Exercise aim>
Restrict the output to the lines below starting at the one that contains "x_(n+1) therefore satisfies" and ending at the one that contains "sum_distrib_right sum_divide_distrib mult_ac)", and restate them word for word, both ends included.

[Saved data entries]

(* Let $\mathcal{X}$ (with metric $d_{\mathcal X}$) and $\Theta$ be compact metric spaces and let $f_\theta:\mathcal{X}\to\mathbb{R}^p$, $\theta\in\Theta$, be functions such that for each $\theta$ the image $f_\theta(\mathcal{X})$ spans $\mathbb{R}^p$ and $(x,\theta)\mapsto f_\theta(x)$ is continuous on $\mathcal{X}\times\Theta$. Suppose $p\ge 2$. Let $n_{\rm st}\in\mathbb{N}$ and $x_1,\ldots,x_{n_{\rm st}}\in\mathcal{X}$ be such that $M(\xi_{n_{\rm st}},\theta)$ is positive definite for all $\theta\in\Theta$, where $\xi_n=\frac1n\sum_{i=1}^n\delta_{x_i}$. Let $(\theta_n)_{n\ge n_{\rm st}}$ be an arbitrary sequence in $\Theta$, and let the points $x_{n+1}$, $n\ge n_{\rm st}$, be defined recursively by $$x_{n+1}\in\arg\max_{x\in\mathcal{X}} f_{\theta_n}^{\mathsf T}(x)\,M^{-1}(\xi_n,\theta_n)\,f_{\theta_n}(x).$$ Let $\varepsilon>0$ be given. Then there exist $d>0$ and $n_0\ge n_{\rm st}$ such that $\xi_n(S)\le \frac1p+\varepsilon$ for all nonempty $S\subseteq\mathcal{X}$ with $\mathrm{diam}(S)\le d$ and all $n\ge n_0$.
   Context: A design is a finitely supported probability measure on $\mathcal{X}$; $\delta_x$ is the point mass at $x$. The information matrix of a design $\xi$ at $\theta$ is $M(\xi,\theta)=\sum_{x\in\mathrm{supp}(\xi)}\xi(x)f_\theta(x)f_\theta^{\mathsf T}(x)$ (it is positive definite for all $\xi_n$, $n\ge n_{\rm st}$, by the choice of the starting points). $\mathrm{diam}(S)=\sup\{d_{\mathcal X}(x,z):x,z\in S\}$. The recursion is the (deterministic path of the) adaptive Wynn algorithm with arbitrary parameter estimates $\theta_n$. *)

theory Defs
  imports "HOL-Analysis.Analysis"
begin

definition emp_design :: "(nat \<Rightarrow> 'a) \<Rightarrow> nat \<Rightarrow> 'a set \<Rightarrow> real" where
  "emp_design x n S = real (card {i \<in> {1..n}. x i \<in> S}) / real n"

definition outer :: "real^'p \<Rightarrow> real^'p^'p" where
  "outer v = (\<chi> i j. v $ i * v $ j)"

definition info_matrix :: "('b \<Rightarrow> 'a \<Rightarrow> real^'p) \<Rightarrow> (nat \<Rightarrow> 'a) \<Rightarrow> nat \<Rightarrow> 'b \<Rightarrow> real^'p^'p" where
  "info_matrix f x n \<theta> =
     (\<Sum>z\<in>x ` {1..n}. (emp_design x n {z}) *\<^sub>R outer (f \<theta> z))"

definition pos_def :: "real^'p^'p \<Rightarrow> bool" where
  "pos_def A \<longleftrightarrow> (\<forall>v. v \<noteq> 0 \<longrightarrow> v \<bullet> (A *v v) > 0)"

end

theory Submission
  imports Defs
begin

text \<open>
  Fix a step n and write M for M(xi_n, theta_n), u = f_theta_n(x_(n+1)), a = M^-1 u and
  D = u^T a, the maximal value of the variance function f^T M^-1 f on X. The trace identity
  sum_i f(x_i)^T M^-1 f(x_i) = n tr(M^-1 M) = n p gives D >= p. Cauchy-Schwarz for the form M gives
  |a^T f(y)| <= D on X, and since M(xi_(n_st), theta) is positive definite uniformly on the compact
  set Theta, also |a| <= C D. By equicontinuity of the f_theta, every earlier point x_i close to
  x_(n+1) therefore satisfies a^T f(x_i) >= (1 - rho) D, whereas sum_i (a^T f(x_i))^2 = n a^T M a = n D;
  so at most n / (p (1 - rho)^2) earlier points lie near x_(n+1). Consequently a set of small
  diameter receives a new point only while its frequency is at most about 1/p, and between such
  visits its frequency decreases.
\<close>

lemma info_matrix_eq_sum:
  "info_matrix f x n t = (\<Sum>i\<in>{1..n}. (1 / real n) *\<^sub>R outer (f t (x i)))"
proof -
  have "(\<Sum>i\<in>{1..n}. (1 / real n) *\<^sub>R outer (f t (x i)))
      = (\<Sum>z\<in>x ` {1..n}. \<Sum>i\<in>{i\<in>{1..n}. x i = z}. (1 / real n) *\<^sub>R outer (f t z))"
    by (subst sum.image_gen[where g = x]) (auto intro!: sum.cong)
  also have "\<dots> = (\<Sum>z\<in>x ` {1..n}. emp_design x n {z} *\<^sub>R outer (f t z))"
    by (intro sum.cong refl) (simp only: sum_constant_scaleR, simp add: emp_design_def)
  finally show ?thesis
    unfolding info_matrix_def by simp
qed

lemma info_matrix_component:
  "info_matrix f x n t $ j $ k = (\<Sum>i\<in>{1..n}. f t (x i) $ j * f t (x i) $ k) / real n"
  unfolding info_matrix_eq_sum outer_def by (simp add: sum_component sum_divide_distrib)

lemma inner_info_matrix:
  "y \<bullet> (info_matrix f x n t *v z) = (\<Sum>i\<in>{1..n}. (y \<bullet> f t (x i)) * (z \<bullet> f t (x i))) / real n"
proof -
  have "y \<bullet> (info_matrix f x n t *v z)
      = (\<Sum>j\<in>UNIV. \<Sum>k\<in>UNIV. \<Sum>i\<in>{1..n}. y$j * f t (x i) $ j * (z$k * f t (x i) $ k) / real n)"
    by (simp add: inner_vec_def matrix_vector_mult_def info_matrix_component sum_distrib_left
        sum_distrib_right sum_divide_distrib mult_ac)
  also have "\<dots> = (\<Sum>j\<in>UNIV. \<Sum>i\<in>{1..n}. \<Sum>k\<in>UNIV. y$j * f t (x i) $ j * (z$k * f t (x i) $ k) / real n)"
    by (rule sum.cong[OF refl], rule sum.swap)
  also have "\<dots> = (\<Sum>i\<in>{1..n}. \<Sum>j\<in>UNIV. \<Sum>k\<in>UNIV. y$j * f t (x i) $ j * (z$k * f t (x i) $ k) / real n)"
    by (rule sum.swap)
  also have "\<dots> = (\<Sum>i\<in>{1..n}. (y \<bullet> f t (x i)) * (z \<bullet> f t (x i))) / real n"
    by (simp add: inner_vec_def sum_divide_distrib sum_product)
  finally show ?thesis .
qed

Result of this exercise>
  x_(n+1) therefore satisfies a^T f(x_i) >= (1 - rho) D, whereas sum_i (a^T f(x_i))^2 = n a^T M a = n D;
  so at most n / (p (1 - rho)^2) earlier points lie near x_(n+1). Consequently a set of small
  diameter receives a new point only while its frequency is at most about 1/p, and between such
  visits its frequency decreases.
\<close>

lemma info_matrix_eq_sum:
  "info_matrix f x n t = (\<Sum>i\<in>{1..n}. (1 / real n) *\<^sub>R outer (f t (x i)))"
proof -
  have "(\<Sum>i\<in>{1..n}. (1 / real n) *\<^sub>R outer (f t (x i)))
      = (\<Sum>z\<in>x ` {1..n}. \<Sum>i\<in>{i\<in>{1..n}. x i = z}. (1 / real n) *\<^sub>R outer (f t z))"
    by (subst sum.image_gen[where g = x]) (auto intro!: sum.cong)
  also have "\<dots> = (\<Sum>z\<in>x ` {1..n}. emp_design x n {z} *\<^sub>R outer (f t z))"
    by (intro sum.cong refl) (simp only: sum_constant_scaleR, simp add: emp_design_def)
  finally show ?thesis
    unfolding info_matrix_def by simp
qed

lemma info_matrix_component:
  "info_matrix f x n t $ j $ k = (\<Sum>i\<in>{1..n}. f t (x i) $ j * f t (x i) $ k) / real n"
  unfolding info_matrix_eq_sum outer_def by (simp add: sum_component sum_divide_distrib)

lemma inner_info_matrix:
  "y \<bullet> (info_matrix f x n t *v z) = (\<Sum>i\<in>{1..n}. (y \<bullet> f t (x i)) * (z \<bullet> f t (x i))) / real n"
proof -
  have "y \<bullet> (info_matrix f x n t *v z)
      = (\<Sum>j\<in>UNIV. \<Sum>k\<in>UNIV. \<Sum>i\<in>{1..n}. y$j * f t (x i) $ j * (z$k * f t (x i) $ k) / real n)"
    by (simp add: inner_vec_def matrix_vector_mult_def info_matrix_component sum_distrib_left
        sum_distrib_right sum_divide_distrib mult_ac)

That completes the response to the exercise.